So, in this pair of sequences, we see that the structural elements of film can be used to suggest a subjective perspective—in this case by camera movements and location. We also noted that a content element produces a similar signal in the attention of the woman passing by. We feel that someone is there, an embodied person in a vehicle. But at the same time, outside of this one suggestive glance by the woman on the street, in the narrative of the film, there is no one there. These narrative elements of the film do not suggest an observer, and in fact rule out the presence of an observer.

Reviewers of the film often comment on the intimate feeling evoked by these sequences. For instance, a Guardian reviewer remarks: “calling Dear Diary up close and personal doesn’t really do it justice” (Dickson 2011). This supports our interpretation that the subjective style of these sequences creates a sense of being there at the scene—across the whole of Act 1 of Dear Diary, we follow Moretti on his Vespa and almost feel as though we are also on a trip. A New York Times review notes that the first act is “shot in a deliberately simplistic fashion to evoke an almost home-movie amateurism.” Relatedly, a New Yorker review notes “In the process [of the film], he [Moretti] realizes a longstanding, if unstated, ideal that runs through the history of the modern film: to be able to tear pages from a cinematic notebook and paste them onscreen as a finished work, the way that modern painters can do with their sketches” (Brody 2015). These comments both reflect the sense that this film, while a fictional depiction, brings us closer to the process of filmmaking itself.
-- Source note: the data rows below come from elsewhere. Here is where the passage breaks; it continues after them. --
(* Let $0\to x_2\to x\to x_1\to0$ be a short exact sequence of finite-dimensional $\Pi$-modules. Suppose that $\operatorname{Ext}^1_\Pi(x_2,x_2)=0$ and $\operatorname{Ext}^1_\Pi(x,x_1)=0$. Then $\operatorname{Ext}^1_\Pi(x_1,x_1)=0$ and $\operatorname{Ext}^1_\Pi(x,x)=0$.
   Context: $K$ is an algebraically closed field, $Q=(I,\Omega)$ a finite quiver without loops, and $\Pi$ its preprojective algebra: the path algebra of the double quiver $\overline Q$ (arrows $\Omega\cup\{h^{op}:h\in\Omega\}$) modulo the ideal generated by $\sum_{h\in\Omega}(hh^{op}-h^{op}h)$. For finite-dimensional $\Pi$-modules one has functorial isomorphisms $\operatorname{Ext}^1_\Pi(N,M)\cong\operatorname{Ext}^1_\Pi(M,N)^*$. *)

theory Defs
  imports "Jordan_Normal_Form.Matrix" "HOL-Computational_Algebra.Polynomial"
begin

text \<open>Finite-dimensional modules over the preprojective algebra Pi of a finite quiver
Q = (I, Omega), with I = UNIV :: 'i (finite), Omega = UNIV :: 'a (finite), and
arrow h going from src h to tgt h.  Arrows of the double quiver are pairs (h, True) = h
and (h, False) = h^op.\<close>

record ('i, 'a, 'k) pirep =
  dimv :: "'i \<Rightarrow> nat"
  mp :: "'a \<times> bool \<Rightarrow> 'k mat"

definition dsrc :: "('a \<Rightarrow> 'i) \<Rightarrow> ('a \<Rightarrow> 'i) \<Rightarrow> 'a \<times> bool \<Rightarrow> 'i" where
  "dsrc src tgt e = (if snd e then src (fst e) else tgt (fst e))"

definition dtgt :: "('a \<Rightarrow> 'i) \<Rightarrow> ('a \<Rightarrow> 'i) \<Rightarrow> 'a \<times> bool \<Rightarrow> 'i" where
  "dtgt src tgt e = (if snd e then tgt (fst e) else src (fst e))"

text \<open>Representation of the double quiver annihilated by the preprojective relation
sum_h (h h^op - h^op h); its component at vertex i is required to vanish.\<close>
definition pi_module :: "('a \<Rightarrow> 'i) \<Rightarrow> ('a \<Rightarrow> 'i) \<Rightarrow> ('i, 'a, 'k::field) pirep \<Rightarrow> bool" where
  "pi_module src tgt M \<longleftrightarrow>
     (\<forall>e. mp M e \<in> carrier_mat (dimv M (dtgt src tgt e)) (dimv M (dsrc src tgt e))) \<and>
     (\<forall>i. \<forall>r < dimv M i. \<forall>c < dimv M i.
        (\<Sum>h\<in>{h. tgt h = i}. (mp M (h, True) * mp M (h, False)) $$ (r, c))
      - (\<Sum>h\<in>{h. src h = i}. (mp M (h, False) * mp M (h, True)) $$ (r, c)) = 0)"

definition pi_hom :: "('a \<Rightarrow> 'i) \<Rightarrow> ('a \<Rightarrow> 'i) \<Rightarrow> ('i, 'a, 'k::field) pirep
    \<Rightarrow> ('i, 'a, 'k) pirep \<Rightarrow> ('i \<Rightarrow> 'k mat) \<Rightarrow> bool" where
  "pi_hom src tgt M N f \<longleftrightarrow>
     (\<forall>i. f i \<in> carrier_mat (dimv N i) (dimv M i)) \<and>
     (\<forall>e. f (dtgt src tgt e) * mp M e = mp N e * f (dsrc src tgt e))"

definition pi_ses :: "('a \<Rightarrow> 'i) \<Rightarrow> ('a \<Rightarrow> 'i) \<Rightarrow> ('i, 'a, 'k::field) pirep
    \<Rightarrow> ('i, 'a, 'k) pirep \<Rightarrow> ('i, 'a, 'k) pirep \<Rightarrow> ('i \<Rightarrow> 'k mat) \<Rightarrow> ('i \<Rightarrow> 'k mat) \<Rightarrow> bool" where
  "pi_ses src tgt A B C f g \<longleftrightarrow>
     pi_module src tgt A \<and> pi_module src tgt B \<and> pi_module src tgt C \<and>
     pi_hom src tgt A B f \<and> pi_hom src tgt B C g \<and>
     (\<forall>i. \<forall>u \<in> carrier_vec (dimv A i). f i *\<^sub>v u = 0\<^sub>v (dimv B i) \<longrightarrow> u = 0\<^sub>v (dimv A i)) \<and>
     (\<forall>i. \<forall>v \<in> carrier_vec (dimv B i).
        (g i *\<^sub>v v = 0\<^sub>v (dimv C i)) \<longleftrightarrow> (\<exists>u \<in> carrier_vec (dimv A i). f i *\<^sub>v u = v)) \<and>
     (\<forall>i. \<forall>w \<in> carrier_vec (dimv C i). \<exists>v \<in> carrier_vec (dimv B i). g i *\<^sub>v v = w)"

text \<open>Ext^1(M, N) = 0: every extension 0 -> N -> E -> M -> 0 splits.\<close>
definition ext1_zero :: "('a \<Rightarrow> 'i) \<Rightarrow> ('a \<Rightarrow> 'i) \<Rightarrow> ('i, 'a, 'k::field) pirep
    \<Rightarrow> ('i, 'a, 'k) pirep \<Rightarrow> bool" where
  "ext1_zero src tgt M N \<longleftrightarrow>
     (\<forall>E f g. pi_ses src tgt N E M f g \<longrightarrow>
        (\<exists>s. pi_hom src tgt M E s \<and> (\<forall>i. g i * s i = 1\<^sub>m (dimv M i))))"

end

theory Submission
  imports Defs "HOL-Library.Function_Algebras"
begin

(* Ext^1 between Pi-modules is computed by Crawley-Boevey's complex
     C0(M,N) --d0--> C1(M,N) --d1--> C2(M,N),
   where C0 consists of families of linear maps M_i -> N_i, C1 of families indexed by the
   arrows of the double quiver, d0 sigma = (sigma_t(a) M_a - N_a sigma_s(a))_a has kernel
   Hom(M,N), and d1 is the linearised preprojective relation, so that d1 d0 = 0 on Pi-modules.
   An extension of M by N is the same as a 1-cocycle (its off-diagonal block), and it splits
   exactly when the cocycle is a coboundary; hence Ext^1(M,N) = 0 iff H^1(M,N) = 0.
   The trace pairing between C1(M,N) and C1(N,M) makes d0 and d1 adjoint, which gives
   H^1(M,N) = 0 iff H^1(N,M) = 0, in particular Ext^1(x1,x) = 0.  Both conclusions then follow
   by diagram chases in the long exact sequences of Hom and H^1 attached to
   0 -> x2 -> x -> x1 -> 0 in either argument. *)

lemma mat_diff_eq_zero_iff:
  fixes A B :: "'a::ab_group_add mat"
  assumes "A \<in> carrier_mat n m" "B \<in> carrier_mat n m"
  shows "A - B = 0\<^sub>m n m \<longleftrightarrow> A = B"
  using assms by (auto simp: mat_eq_iff)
Could the subject here actually be the cameraman? For instance, if Dear Diary were a documentary, we might think that rather than an unindexed subject, the style of filming clues us in to the presence of a person behind the camera. This is especially clear in documentaries where we hear the voice of someone near the cameraman conducting an interview with the person on camera. In the case of a documentary, the subject is a person both in the film and in the real world, whereas a similar sequence in a ‘mockumentary’ would position a character in the world of the film as the subject, such as the fictional filmmaker Marty in This Is Spinal Tap. However, Dear Diary is not a documentary: we never hear anyone behind the camera, we don’t see film equipment, crew or so on, and there is no narrative element that references what we see as part of a film in the world of the movie. However, the film does have a variety of metacinematic elements, including a character in the second act who is obsessed with television, the ending sequence with direct eye-contact to the camera, and a through-line in the first act about Moretti’s obsession with the actor Jennifer Beals and the movie Flashdance. The semi-autobiographical nature of the film also shares something with a documentary, as well as the framing as a diary. But a film-diary differs from a classic documentary in that Dear Diary presents Moretti’s world to us without presenting him as creating the footage or indicating anything about who else would be doing so. As the New Yorker review quoted above suggests, the film is something like a deliberately unfinished sketch of a traditional film, rough around the edges and bearing the more visible marks of the creator, but not a different kind of representational object entirely. Thus, these Vespa sequences of Act 1, including the Pasolini sequence we’ve been discussing, are cases of perspective divergence: they evoke a person’s perspective and position at the perspective spot without presenting that person as anyone in particular, including a cameraman, film crew, or similar.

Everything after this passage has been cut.